Caminar como holandés implica andar en bicicleta de metal y de colores básicos. Bicis grandes y toscas con cuadros pesados cuya única función es la de desplazarte a tu destino. Todas las personas sin importar su edad andan en bici; los niños van y vienen en ella, salen de sus casas temprano hacia la escuela y llegan tarde imitando los horarios desgastados de los adultos.
Los adultos se desplazan por el pueblo con sus bebés en sillas que colocan sobre las bicicletas y los adultos mayores también usan la bici para moverse por entre los canales que entretejen las calles del pequeño pueblo de Leiden, la pequeña ciudad en donde me encontraba.
Vivía en el treceavo piso de uno de los pocos edificios habitacionales con vista panorámica que circundan la ciudad y desde ahí pude ver, apenas amaneció, esta forma tan natural de desplazarse de sus habitantes, incluso cuando las fuertes ráfagas de aire amenazaban su equilibrio frente al manubrio.
Desde ahí con vista privilegiada y sosteniendo una gloriosa taza de café caliente los ciclistas me parecían pequeños puntos desplazándose victoriosos contra todo pronóstico.

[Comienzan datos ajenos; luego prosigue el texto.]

definition line_dist :: "nat \<Rightarrow> nat \<Rightarrow> nat" where
  "line_dist i j = (if i \<le> j then j - i else i - j)"

definition cycle_dist :: "nat \<Rightarrow> nat \<Rightarrow> nat \<Rightarrow> nat" where
  "cycle_dist n i j = min (line_dist i j) (n - line_dist i j)"

definition cyl_dist :: "nat \<Rightarrow> nat \<times> nat \<Rightarrow> nat \<times> nat \<Rightarrow> nat" where
  "cyl_dist n p q = line_dist (fst p) (fst q) + cycle_dist n (snd p) (snd q)"

lemma cycle_dist_sym: "cycle_dist n i j = cycle_dist n j i"
  by (simp add: cycle_dist_def line_dist_def)

lemma cycle_dist_neighbour:
  assumes "i < n" "i' < n" "k < n" "cycle_adj n i i'"
  shows "cycle_dist n i' k \<le> cycle_dist n i k + 1"
  using assms unfolding cycle_adj_def cycle_dist_def line_dist_def by (auto split: if_splits)

lemma cycle_dist_toward:
  assumes "i < n" "j < n" "i \<noteq> j"
  obtains i' where "i' < n" "cycle_adj n i i'" "cycle_dist n i' j + 1 = cycle_dist n i j"
proof -
  consider "i < j" "j - i \<le> n - (j - i)" | "i < j" "\<not> j - i \<le> n - (j - i)"
    | "j < i" "i - j \<le> n - (i - j)" | "j < i" "\<not> i - j \<le> n - (i - j)"
    using assms by linarith
  then show ?thesis
  proof cases
    case 1 then show ?thesis using assms
      by (intro that[of "i + 1"]) (auto simp: cycle_adj_def cycle_dist_def line_dist_def)
  next
    case 2 then show ?thesis using assms
      by (intro that[of "if i > 0 then i - 1 else n - 1"])
         (auto simp: cycle_adj_def cycle_dist_def line_dist_def)
  next
    case 3 then show ?thesis using assms
      by (intro that[of "i - 1"]) (auto simp: cycle_adj_def cycle_dist_def line_dist_def)
  next
    case 4 then show ?thesis using assms
      by (intro that[of "if i + 1 < n then i + 1 else 0"])
         (auto simp: cycle_adj_def cycle_dist_def line_dist_def)
  qed
qed

abbreviation cyl_edges :: "nat \<Rightarrow> ((nat \<times> nat) \<times> (nat \<times> nat)) set" where
  "cyl_edges n \<equiv> edges (PC_vertices n) (PC_adj n)"

text \<open>cyl_dist is 1-Lipschitz along edges, so it is a lower bound for the length of every walk.\<close>
lemma cyl_dist_edge:
  assumes "(w, q) \<in> cyl_edges n" "r \<in> PC_vertices n"
  shows "cyl_dist n r q \<le> cyl_dist n r w + 1"
proof -
  obtain a i b j c k where wqr: "w = (a, i)" "q = (b, j)" "r = (c, k)"
    by (metis prod.exhaust)
  have bounds: "i < n" "j < n" "k < n"
    using assms wqr by (auto simp: edges_def PC_vertices_def cycle_vertices_def)
  have "(a = b \<and> cycle_adj n i j) \<or> (i = j \<and> path_inf_adj a b)"
    using assms(1) wqr by (auto simp: edges_def PC_adj_def box_adj_def)
  then show ?thesis
  proof
    assume "a = b \<and> cycle_adj n i j"
    then have "cycle_dist n k j \<le> cycle_dist n k i + 1"
      using cycle_dist_neighbour[OF bounds] by (simp add: cycle_dist_sym)
    then show ?thesis using \<open>a = b \<and> _\<close> wqr by (simp add: cyl_dist_def)
  next
    assume "i = j \<and> path_inf_adj a b"
    then show ?thesis using wqr by (auto simp: cyl_dist_def line_dist_def path_inf_adj_def)
  qed
qed

lemma cyl_dist_le_walk:
  assumes "(p, q) \<in> cyl_edges n ^^ k" "p \<in> PC_vertices n"
  shows "cyl_dist n p q \<le> k"
  using assms(1)
proof (induction k arbitrary: q)
  case 0
  then show ?case by (simp add: cyl_dist_def line_dist_def cycle_dist_def)
next
  case (Suc k)
  then obtain w where "(p, w) \<in> cyl_edges n ^^ k" "(w, q) \<in> cyl_edges n"
    by auto
  with Suc.IH cyl_dist_edge[OF _ assms(2)] show ?case by fastforce
qed

text \<open>Conversely, from p one can always step to a neighbour one unit closer to q, which yields
  a walk of length exactly cyl_dist n p q.\<close>
lemma cyl_step_toward:
  assumes "p \<in> PC_vertices n" "q \<in> PC_vertices n" "cyl_dist n p q = Suc d"
  obtains w where "(p, w) \<in> cyl_edges n" "w \<in> PC_vertices n" "cyl_dist n w q = d"
proof -
  obtain a i b j where pq: "p = (a, i)" "q = (b, j)" by (metis prod.exhaust)
  have bounds: "i < n" "j < n" using assms pq by (auto simp: PC_vertices_def cycle_vertices_def)
  show ?thesis
  proof (cases "a = b")
    case False
    show ?thesis
      by (rule that[of "(if a < b then a + 1 else a - 1, i)"])
         (use False bounds assms(3) pq in \<open>auto simp: edges_def PC_vertices_def cycle_vertices_def
            PC_adj_def box_adj_def path_inf_adj_def cyl_dist_def line_dist_def\<close>)
  next
    case True
    then have "i \<noteq> j" using assms(3) pq by (auto simp: cyl_dist_def line_dist_def cycle_dist_def)
    then obtain i' where "i' < n" "cycle_adj n i i'" "cycle_dist n i' j + 1 = cycle_dist n i j"
      using cycle_dist_toward[OF bounds] by blast
    then show ?thesis
      by (intro that[of "(a, i')"])
         (use True bounds assms(3) pq in \<open>auto simp: edges_def PC_vertices_def cycle_vertices_def
            PC_adj_def box_adj_def cyl_dist_def line_dist_def\<close>)
  qed
qed

lemma cyl_walk_of_dist:
  assumes "p \<in> PC_vertices n" "q \<in> PC_vertices n"
  shows "(p, q) \<in> cyl_edges n ^^ cyl_dist n p q"
  using assms(1)
proof (induction "cyl_dist n p q" arbitrary: p)
  case 0
  then have "p = q" using assms(2)
    by (auto simp: cyl_dist_def line_dist_def cycle_dist_def PC_vertices_def cycle_vertices_def
        split: if_splits)
  then show ?case by (simp add: cyl_dist_def line_dist_def cycle_dist_def)
next
  case (Suc d)
  obtain w where w: "(p, w) \<in> cyl_edges n" "w \<in> PC_vertices n" "cyl_dist n w q = d"
    using cyl_step_toward[OF Suc.prems assms(2) Suc.hyps(2)[symmetric]] by blast
  have "(w, q) \<in> cyl_edges n ^^ d" using Suc.hyps(1)[of w] w by simp
  with w(1) show ?case using Suc.hyps(2) by (metis relpow_Suc_I2)
qed

lemma gdist_cyl:
  assumes "p \<in> PC_vertices n" "q \<in> PC_vertices n"
  shows "gdist (PC_vertices n) (PC_adj n) p q = cyl_dist n p q"
  unfolding gdist_def
  by (rule Least_equality) (use cyl_walk_of_dist[OF assms] cyl_dist_le_walk[OF _ assms(1)] in auto)

lemma gdist_to_first_layer:
  assumes "(a, i) \<in> PC_vertices n" "k < n"
  shows "gdist (PC_vertices n) (PC_adj n) (a, i) (0, k) = a + cycle_dist n i k"
proof -
  have "(0, k) \<in> PC_vertices n" using assms(2) by (simp add: PC_vertices_def cycle_vertices_def)
  then show ?thesis using gdist_cyl[OF assms(1)] by (simp add: cyl_dist_def line_dist_def)
qed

Andar en bici fue una experiencia distinta; sin taza de café y con cuatro capas de ropa encima montar la clásica bici holandesa, esa de metal y llantas grandes me fue imposible. La primera era demasiado grande, con la segunda no alcanzaba el piso y fue hasta la tercera con bici de niño que di mi primera vuelta holandesa.
El viento me pegaba en la cara, pedaleaba junto con el cauce del canal, rebasé señoras, me quedé atrás, adelanté el paso, me bajé y me subí, desestabilicé el cruce de un auto.
Me detuve para ver el camino que por el paisaje me anunciaba que ya estaba muy lejos de mi punto de partida, pero aguzando la mirada logré distinguir el treceavo piso que vigilaba mi camino.